The Puerto Rican Problem

Puerto Rican immigration was different from European immigration, in that there wasn’t a specific time period in which the Puerto Ricans came to New York. It was much easier for them to emigrate, and they could return home whenever they pleased. It wasn’t that simple for the Italian and Irish immigrants. However, the immigration stories are somewhat similar, at least they started off similar. They resided in similar neighborhoods in which newcomers lived, they lived in poor unsanitary conditions, and they worked low-level unskilled and semiskilled jobs. However, this is where the similarities between European immigrants and Puerto Rican immigrants stopped.
Companies and factories in New York thought that the Puerto Rican immigration was important to save small firms with small profits, which they did by taking blue-collar jobs. The Puerto Ricans, being the latest immigrants to come to New York, would assimilate when the time came, as did the Italians and Irish before them, but the city officials did not give them this chance. Soon enough, city departments started to talk of the “Puerto Rican problem.”
The decline of manufacturing employment in the city hit the Puerto Ricans the worst, since so many of them w worked in this industry. All the other immigrants were able to rise up the economic ladder by starting off where the Puerto Ricans did, but now it was not possible. Structural limitations in employment and promotion opportunities froze the Puerto Ricans in a “permanent condition of semipoverty.”
Public discourse states that Puerto Rican immigration, not labor market instability or excess low-income housing, caused the reemergence of the slum. They blamed Puerto Ricans for the rise in juvenile delinquency rates and decided that the city should make efforts to discourage any further migration of Puerto Ricans.
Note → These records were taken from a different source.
(* Suppose Assumption 1 (see context) holds. Let $C_*=\max_{1\le t\le n}\|\boldsymbol\Sigma_t\|<\infty$, $\iota_2=\iota_1/C_*$ and $\iota_3=\iota_1(1-\rho)/(C_1^2C_* )$. Then for every $u\in\mathbb R^d$ with $\|u\|=1$, \[ \max_{1\le t\le n}\mathsf E\bigl[\exp\{\iota_2(u^\intercal e_t)^2\}\bigr]\le C_0, \qquad \max_{1\le t\le n}\max_{1\le i\le d}\mathsf E\bigl[\exp\{\iota_3x_{t,i}^2\}\bigr]\le C_0^{1/(1-\rho)}<\infty. \]
   Context: The $d$-dimensional series $X_t=(x_{t,1},\dots,x_{t,d})^\intercal$ satisfies $X_t=\mathbf A(\tau_t)X_{t-1}+e_t$, $e_t=\boldsymbol\Sigma_t^{1/2}\varepsilon_t$, $\boldsymbol\Sigma_t=\boldsymbol\Sigma(\tau_t)$, $\tau_t=t/n$, with deterministic matrix functions $\mathbf A(\cdot)$, $\boldsymbol\Sigma(\cdot)$ on $[0,1]$, $\boldsymbol\Omega=\boldsymbol\Sigma^{-1}$, and $(\varepsilon_t)$ i.i.d. with mean zero and identity covariance. Assumption 1: (i) uniformly in $\tau\in[0,1]$, $\det(\mathbf I_d-\mathbf A(\tau)z)\ne0$ for all $z\in\mathbb C$ with $|z|\le1$, and entries of $\mathbf A(\cdot)$ are twice continuously differentiable; (ii) $\boldsymbol\Omega(\tau)$ is positive definite uniformly, $\sup_\tau\|\boldsymbol\Sigma(\tau)\|<\infty$ (operator norm), entries of $\boldsymbol\Sigma,\boldsymbol\Omega$ twice continuously differentiable; (iii) there are constants $\iota_1,C_0>0$ with $\mathsf E[\exp\{\iota_1(u^\intercal\varepsilon_t)^2\}]\le C_0$ for every unit $u\in\mathbb R^d$. Standing assumption: $X_t=\sum_{k\ge0}\boldsymbol\Phi_{t,k}e_{t-k}$ with $\max_{0\le t\le n}\|\boldsymbol\Phi_{t,k}\|\le C_1\rho^k$ for all sufficiently large $k$, where $C_1>0$ and $0<\rho<1$ are constants. *)

theory Defs
  imports "HOL-Probability.Probability"
begin

definition psd_mat :: "real^'d^'d \<Rightarrow> bool" where
  "psd_mat S \<longleftrightarrow> transpose S = S \<and> (\<forall>x. 0 \<le> x \<bullet> (S *v x))"

definition matrix_sqrt :: "real^'d^'d \<Rightarrow> real^'d^'d" where
  "matrix_sqrt S = (THE R. psd_mat R \<and> R ** R = S)"

definition pd_mat :: "real^'d^'d \<Rightarrow> bool" where
  "pd_mat S \<longleftrightarrow> transpose S = S \<and> (\<forall>x. x \<noteq> 0 \<longrightarrow> 0 < x \<bullet> (S *v x))"

definition opnorm :: "real^'d^'m \<Rightarrow> real" where
  "opnorm M = onorm (\<lambda>x. M *v x)"

definition C2_on01 :: "(real \<Rightarrow> real) \<Rightarrow> bool" where
  "C2_on01 f \<longleftrightarrow> (\<exists>f' f''.
     (\<forall>x\<in>{0..1}. (f has_real_derivative f' x) (at x within {0..1})
                \<and> (f' has_real_derivative f'' x) (at x within {0..1}))
     \<and> continuous_on {0..1} f'')"

text \<open>Rescaled time of an integer time index t; pre-sample times t \<le> 0 are
  assigned the rescaled time of t = 1.\<close>
definition tau :: "nat \<Rightarrow> int \<Rightarrow> real" where
  "tau n t = real_of_int (max t 1) / real n"

end

(*
  Writing e_t = Sigma_t^(1/2) eps_t, one has u'e_t = (Sigma_t^(1/2) u)'eps_t with
  |Sigma_t^(1/2) u|^2 = u'Sigma_t u <= C_*, so the first bound is the sub-Gaussian
  hypothesis on eps_t in a rescaled direction.

  For the second, the causal representation gives x_{t,i} = sum_k b_k'eps_{t-k} with
  |b_k| <= C_1 rho^k C_*^(1/2).  Cauchy-Schwarz with weights rho^k bounds iota_3 x_{t,i}^2
  by sum_k rho^k iota_1 (v_k'eps_{t-k})^2 for unit vectors v_k.  By independence the
  exponential moment of the partial sums factorises, concavity of y |-> y^(rho^k) bounds
  the k-th factor by C_0^(rho^k), and the product is at most C_0^(1/(1-rho)); Fatou's
  lemma passes to the limit.

  The square root Sigma^(1/2) is well defined by the spectral theorem for real symmetric
  matrices, obtained by maximising the Rayleigh quotient on invariant subspaces.
*)
theory Submission
  imports Defs
begin

section \<open>Symmetric matrices and square roots of positive semidefinite matrices\<close>

lemma transpose_mult_inner:
  fixes A :: "real^'n^'m"
  shows "(transpose A *v u) \<bullet> x = u \<bullet> (A *v x)"
  by (metis dot_lmul_matrix vector_transpose_matrix transpose_transpose)

lemma matrix_vector_mult_component_inner:
  fixes A :: "real^'n^'m"
  shows "(A *v x) $ i = (transpose A *v axis i 1) \<bullet> x"
  by (simp only: transpose_mult_inner inner_axis') simp

lemma symmetric_matrix_inner:
  fixes S :: "real^'n^'n"
  assumes "transpose S = S"
  shows "(S *v x) \<bullet> y = x \<bullet> (S *v y)"
  using transpose_mult_inner[of S, unfolded assms] .

lemma quadratic_nonneg_imp_linear_coeff_zero:
  fixes a b :: real
  assumes nonneg: "\<And>t. 0 \<le> 2 * t * b + t\<^sup>2 * a" and "0 \<le> a"
  shows "b = 0"
proof (rule ccontr)
  assume "b \<noteq> 0"
  define t where "t = - b / (a + 1)"
  have "2 * t * b + t\<^sup>2 * a = - (b\<^sup>2 * (a + 2)) / (a + 1)\<^sup>2"
    using \<open>0 \<le> a\<close> by (simp add: t_def power2_eq_square divide_simps) (simp add: algebra_simps)
  also have "\<dots> < 0"
    using \<open>b \<noteq> 0\<close> \<open>0 \<le> a\<close> by (intro divide_neg_pos) auto
  finally show False using nonneg[of t] by simp
qed
lemma three_convex_on_powr:
  fixes f :: "real \<Rightarrow> real"
  assumes "open I" and pos: "\<And>x. x \<in> I \<Longrightarrow> 0 < f x"
    and conc: "concave_on I f" and mono: "mono_on I f" and conv3: "three_convex_on I f"
    and \<alpha>: "0 \<le> \<alpha>" "\<alpha> \<le> 1"
  shows "three_convex_on I (\<lambda>x. f x powr \<alpha>)"
proof -
  have "convex I"
    using conc by (rule concave_on_imp_convex)
  define f' where "f' = deriv f"
  have der: "(f has_real_derivative f' x) (at x)" if "x \<in> I" for x
    using differentiable_if_concave_three_convex[OF conc conv3] that \<open>open I\<close>
    by (simp add: f'_def interior_open DERIV_deriv_iff_real_differentiable)
  have f'_convex: "convex_on I f'"
    using conv3 \<open>convex I\<close> der by (rule convex_on_deriv_if_three_convex)
  have f'_antimono: "antimono_on I f'"
    using conc \<open>open I\<close> der by (rule concave_on_deriv_antimono)
  have f'_nonneg: "f' \<in> I \<rightarrow> {0..}"
    using mono_on_deriv_nonneg[OF mono _ der] \<open>open I\<close> by (auto simp: interior_open)
  define h where "h x = \<alpha> * f x powr (\<alpha> - 1)" for x
  have "antimono_on {0<..} (\<lambda>t::real. t powr (\<alpha> - 1))"
    unfolding monotone_on_def using \<alpha> by (auto intro: powr_mono2')
  moreover have "convex_on {0<..} (\<lambda>t::real. t powr (\<alpha> - 1))"
    using \<alpha> by (intro convex_on_powr_nonpos) simp
  moreover have "f ` I \<subseteq> {0<..}"
    using pos by auto
  ultimately have "convex_on I (\<lambda>x. f x powr (\<alpha> - 1))"
    using convex_on_comp_antimono_concave[OF conc] by blast
  then have h_convex: "convex_on I h"
    unfolding h_def by (rule convex_on_cmul[OF \<alpha>(1)])
  have h_antimono: "antimono_on I h"
  proof (rule monotone_onI)
    fix x y
    assume "x \<in> I" "y \<in> I" "x \<le> y"
    then have "f y powr (\<alpha> - 1) \<le> f x powr (\<alpha> - 1)"
      using \<alpha> pos mono_onD[OF mono] by (intro powr_mono2') auto
    then show "h y \<le> h x"
      using \<alpha> by (simp add: h_def mult_left_mono)
  qed
  have h_nonneg: "h \<in> I \<rightarrow> {0..}"
    using \<alpha> by (simp add: h_def)
  have g'_convex: "convex_on I (\<lambda>x. h x * f' x)"
    using h_convex f'_convex h_antimono f'_antimono h_nonneg f'_nonneg by (rule convex_on_mul_antimono)
  have g_der: "((\<lambda>x. f x powr \<alpha>) has_real_derivative h x * f' x) (at x)" if "x \<in> I" for x
    using DERIV_fun_powr[OF der[OF that] pos[OF that], of \<alpha>] by (simp add: h_def)
  show ?thesis
    using \<open>convex I\<close> g_der g'_convex by (rule three_convex_on_if_convex_on_deriv)
qed
(* For every integer $k\ge2$ there are isomorphisms of 2-species $$\mathcal C^\bullet_k\cong \mathcal C^\bullet_{k-1}\cdot\big(\mathbb E\circ(\mathcal C^\bullet_{k-1}+\mathcal C^\times_{k-1})\big),\qquad \mathcal C^\times_k\cong\big((\mathbb E-1)\circ\mathcal C^\times_{k-1}\big)\cdot\big(\mathbb E\circ\mathcal C^\bullet_{k-1}\big),$$ $$\mathcal C^\ell_{k-1}\cong \mathcal C^\bullet_k+\mathcal C^\times_k,$$ and for every $k\ge1$ there is an isomorphism $\mathcal C_k\cong(\mathbb E-1)\circ(\mathcal C^\bullet_k+\mathcal C^\times_k)$.
   Context: Let $V_1,V_2$ be disjoint finite sets, $V=V_1\sqcup V_2$. A semi-pointed partition of $(V_1,V_2)$ is a set partition of $V$ into nonempty blocks in which each block $B$ is either unpointed or pointed at one chosen element of $B\cap V_1$, subject to: a block contained in $V_1$ must be pointed, and a block contained in $V_2$ must be unpointed. $\Pi(V_1,V_2)$ is the set of semi-pointed partitions, ordered by: $P\le Q$ iff every block $b$ of $P$ is a union $q_1\cup\dots\cup q_r$ of blocks of $Q$, and if $b$ is pointed at $e$ then some $q_i$ is pointed at $e$, while if $b$ is unpointed then some $q_i$ is unpointed. Its greatest element $\hat1$ is the partition into singletons. Its minimal elements are the one-block partitions $m_v$, $v\in V_1$ (block $V$ pointed at $v$), and $m_\times$ (the unpointed block $V$, present when $V_2\neq\emptyset$). A $k$-multichain is a sequence $a_1\le\dots\le a_k$. A 2-species is a functor from pairs of finite sets with pairs of bijections to finite sets. Sum and product are defined by $(\mathcal F+\mathcal G)(I_1,I_2)=\mathcal F(I_1,I_2)\sqcup\mathcal G(I_1,I_2)$ and $(\mathcal F\cdot\mathcal G)(I,J)=\bigsqcup_{I=I_1\sqcup I_2,\,J=J_1\sqcup J_2}\mathcal F(I_1,J_1)\times\mathcal G(I_2,J_2)$. For a species $\mathcal E$ and a 2-species $\mathcal F$ with $\mathcal F(\emptyset,\emptyset)=\emptyset$, the substitution is $(\mathcal E\circ\mathcal F)(I_1,I_2)=\bigsqcup_{\pi}\mathcal E(\pi)\times\prod_{J\in\pi}\mathcal F(J\cap I_1,J\cap I_2)$, where $\pi$ runs over the set partitions of $I_1\sqcup I_2$. $\mathbb E$ is the species of sets ($\mathbb E(V)=\{V\}$), and $\mathbb E-1$ is the species of nonempty sets. For $k\ge1$ the 2-species are as follows: - $\mathcal C_k(V_1,V_2)$ is the set of $k$-multichains in $\Pi(V_1,V_2)$, empty when $V_1=V_2=\emptyset$; - $\mathcal C^\bullet_k(V_1,V_2)$ is the set of those $k$-multichains whose first element is some $m_v$; - $\mathcal C^\times_k(V_1,V_2)$ is the set of those whose first element is $m_\times$; - $\mathcal C^\ell_k(V_1,V_2)$ is the set of pairs $(m,c)$ with $m$ a minimal element of $\Pi(V_1,V_2)$ and $c$ a $k$-multichain in the interval $[m,\hat1]$. *)

theory Defs
  imports Main
begin

text \<open>A 2-species is represented by its carrier
  (V1 V2 \<mapsto> set of structures on (V1,V2)) together with its transport of structures
  along a relabelling function sigma (only the restriction of sigma to V1 \<union> V2 matters).\<close>

type_synonym ('a, 's) species = "('a set \<Rightarrow> 'a set \<Rightarrow> 's set) \<times> (('a \<Rightarrow> 'a) \<Rightarrow> 's \<Rightarrow> 's)"

definition admissible :: "'a set \<Rightarrow> 'a set \<Rightarrow> bool" where
  "admissible V1 V2 \<longleftrightarrow> finite V1 \<and> finite V2 \<and> V1 \<inter> V2 = {}"

definition species_iso :: "('a, 's) species \<Rightarrow> ('a, 't) species \<Rightarrow> bool" where
  "species_iso F G \<longleftrightarrow>
     (\<exists>\<phi> :: 'a set \<Rightarrow> 'a set \<Rightarrow> 's \<Rightarrow> 't.
        (\<forall>V1 V2. admissible V1 V2 \<longrightarrow> bij_betw (\<phi> V1 V2) (fst F V1 V2) (fst G V1 V2)) \<and>
        (\<forall>V1 V2 W1 W2 \<sigma>. admissible V1 V2 \<and> admissible W1 W2 \<and>
            bij_betw \<sigma> V1 W1 \<and> bij_betw \<sigma> V2 W2 \<longrightarrow>
            (\<forall>s \<in> fst F V1 V2. \<phi> W1 W2 (snd F \<sigma> s) = snd G \<sigma> (\<phi> V1 V2 s))))"

definition is_setpart :: "'a set \<Rightarrow> 'a set set \<Rightarrow> bool" where
  "is_setpart V Bs \<longleftrightarrow> (\<forall>B\<in>Bs. B \<noteq> {}) \<and>
     (\<forall>B\<in>Bs. \<forall>B'\<in>Bs. B \<noteq> B' \<longrightarrow> B \<inter> B' = {}) \<and> \<Union>Bs = V"

definition sp_sum :: "('a, 's) species \<Rightarrow> ('a, 't) species \<Rightarrow> ('a, 's + 't) species" where
  "sp_sum F G = ((\<lambda>V1 V2. Inl ` fst F V1 V2 \<union> Inr ` fst G V1 V2),
                 (\<lambda>\<sigma>. map_sum (snd F \<sigma>) (snd G \<sigma>)))"

definition sp_prod :: "('a, 's) species \<Rightarrow> ('a, 't) species \<Rightarrow> ('a, ('a set \<times> 'a set) \<times> 's \<times> 't) species" where
  "sp_prod F G = ((\<lambda>V1 V2. {((I1, J1), f, g) | I1 J1 f g.
                     I1 \<subseteq> V1 \<and> J1 \<subseteq> V2 \<and> f \<in> fst F I1 J1 \<and> g \<in> fst G (V1 - I1) (V2 - J1)}),
                  (\<lambda>\<sigma> ((I1, J1), f, g). ((\<sigma> ` I1, \<sigma> ` J1), snd F \<sigma> f, snd G \<sigma> g)))"

text \<open>Substitution E o F: a set partition of V1 \<union> V2 together with an F-structure on each
  block J (on the pair (J \<inter> V1, J \<inter> V2)); encoded as the set of pairs (block, structure).\<close>
definition comp_E_carrier :: "('a, 's) species \<Rightarrow> 'a set \<Rightarrow> 'a set \<Rightarrow> ('a set \<times> 's) set set" where
  "comp_E_carrier F V1 V2 = {S. is_setpart (V1 \<union> V2) (fst ` S) \<and> inj_on fst S \<and>
                             (\<forall>(J, s) \<in> S. s \<in> fst F (J \<inter> V1) (J \<inter> V2))}"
All of this seems greatly unfair to me. Why were all of these blames thrown on Puerto Ricans? They were only one of the many groups of immigrants to come to New York, but New York apparently harvested a great hatred for these people. “The overcrowding, the filth, and the decaying physical environment, and juvenile crime, gang rumbles, drug abuse, and other deviant behaviors were rarely conceptualized as the possible consequences of exploitative housing conditions or structural conditions of poverty. Instead, a wide range of social problems and deviant behaviors were uncritically coupled to the slum and the character traits (or flaws) of its residents” (Mele 130). The worst part is that the Puerto Ricans were not even given a chance to rise up the ladder that all the prior immigrants had climbed. They were thrown off the ladder after they reached the first rung. If they were given a chance, they would have risen up and taken skilled jobs, moved to middle-class neighborhoods, and assimilated into the culture. However, city departments blamed the Puerto Ricans for all the things gone wrong, including the reemergence of the slum. Moses bore a significant detestation for them since he was the one trying to redevelop working-class and residential districts. He made it so that Puerto Ricans were kicked out of their homes and neighborhoods to redevelop the apartments, and when the immigrants came back, the apartments were way out of their price range. I find all of these things done by the officials and departments of New York to be wrong because the Puerto Ricans didn’t deserve any of the blame. They were the ones who came here when factories and workplaces needed workers following the war. They helped New York in its time of need, but New York didn’t help them.